Your MCP server is installed. Your agent isn't using it.

Jitpal Kocher · · 10 min read

Key takeaway

When an agent ignores a freshly connected MCP server, the cause is rarely authentication or transport. It is that the tool descriptions in context do not signal a discriminating advantage over the agent's existing options, no anchoring example shows what the tool returns, and the user's first prompt does not pattern-match the tool's domain. Fixing the first-call gap means treating MCP onboarding as a context engineering task, not an integration task. A short starter prompt that names a concrete task, names the tool, and shows one expected output is usually all the activation an agent needs.

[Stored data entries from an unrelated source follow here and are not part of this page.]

(* Let $S^2\subset\mathbb{R}^3$ be the unit sphere, let $S^2\times\mathbb{R}$ be the trivial line bundle with the standard inner product, and let $TS^2$ carry the metric induced from $\mathbb{R}^3$. Define sections $f_1\equiv 1$, $f_2\equiv f_3\equiv 0$ of $S^2\times\mathbb{R}$ (a moving Parseval frame for it). Although $(S^2\times\mathbb{R})\oplus TS^2\cong S^2\times\mathbb{R}^3$ admits a moving basis, there is no moving basis $(e_i)_{i=1}^3$ of continuous sections of $(S^2\times\mathbb{R})\oplus TS^2$ such that $P_{S^2\times\mathbb{R}}e_i=f_i$ for $i=1,2,3$, where $P_{S^2\times\mathbb{R}}$ is the fiberwise orthogonal projection onto the first summand.
   Context: A moving basis of a rank $k$ vector bundle is a sequence of $k$ sections that form a basis of each fiber. A sequence of vectors $(x_i)_{i=1}^k$ in a finite-dimensional real inner product space $H$ is a Parseval frame for $H$ if $\sum_{i=1}^k\langle x,x_i\rangle^2=\|x\|^2$ for all $x\in H$; a moving Parseval frame of a bundle is a sequence of sections forming a Parseval frame of each fiber. *)

theory Defs
  imports "HOL-Analysis.Analysis"
begin

definition S2 :: "(real^3) set" where
  "S2 = sphere 0 1"

text \<open>Fiber of the Whitney sum (S^2 x R) (+) TS^2 at x: pairs (t, v) with t in R and
  v in the tangent plane T_x S^2 = {v. v \<bullet> x = 0}, viewed inside R x R^3.\<close>
definition sum_fiber :: "real^3 \<Rightarrow> (real \<times> (real^3)) set" where
  "sum_fiber x = {(t, v). v \<bullet> x = 0}"

definition sum_section :: "(real^3 \<Rightarrow> real \<times> (real^3)) \<Rightarrow> bool" where
  "sum_section s \<longleftrightarrow> continuous_on S2 s \<and> (\<forall>x\<in>S2. s x \<in> sum_fiber x)"

definition sum_moving_basis :: "(nat \<Rightarrow> real^3 \<Rightarrow> real \<times> (real^3)) \<Rightarrow> bool" where
  "sum_moving_basis e \<longleftrightarrow>
     (\<forall>i\<in>{1..3}. sum_section (e i)) \<and>
     (\<forall>x\<in>S2. inj_on (\<lambda>i. e i x) {1..3} \<and>
              independent ((\<lambda>i. e i x) ` {1..3}) \<and>
              span ((\<lambda>i. e i x) ` {1..3}) = sum_fiber x)"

You connect a fresh MCP server to Claude, Cursor, or any other agent. The handshake works. The tool list shows up. The agent says “Connected to your-mcp-server.” You give it a task the tool was built for, and it answers from its own knowledge, or web search, or by writing code, and the tool sits there unused. Twenty minutes later, you tab back to the docs and start wondering whether the install actually worked.

This is the first-call problem. It is the gap between “the tool is in context” and “the agent calls it on the first relevant turn,” and it shows up consistently in production MCP deployments. The pattern is not that integration is broken. It is that integration is the easy half. The harder half, the half nobody documents, is making the agent’s first useful tool call inevitable.

This post walks through what tool-selection benchmarks actually show about first-call behavior, the three repeatable reasons agents skip the tool you just installed, the capability-versus-skill distinction that closes the gap, and a starter pattern that makes the first call something the agent does without being asked.

What benchmarks say about first-call tool selection

Tool-selection benchmarks paint a clearer picture than the marketing copy on most MCP servers. On the ToolBench benchmark, leading models reach a Pass Rate@10 of 0.826 and Recall@10 of 0.867 in benign conditions, which sounds good until you read the rest. Distributional robustness work shows that adversarial conditions, even mild prompt variations, drop certified accuracy bounds below 20% after a single round of adaptation. Tool selection is fragile even when the tool is well-described, and it is much more fragile when the description is generic.

The 2026 ecosystem makes the problem worse before it makes it better. There are over 177,000 public MCP tools available. Tool definitions in context routinely consume 40-50% of the model’s available tokens before the agent does any actual work, according to Perplexity’s CTO. Deferred tool loading, the 2026 pattern covered in progressive tool loading, reduces token bloat by roughly 80% by loading definitions on demand. That helps the visibility problem.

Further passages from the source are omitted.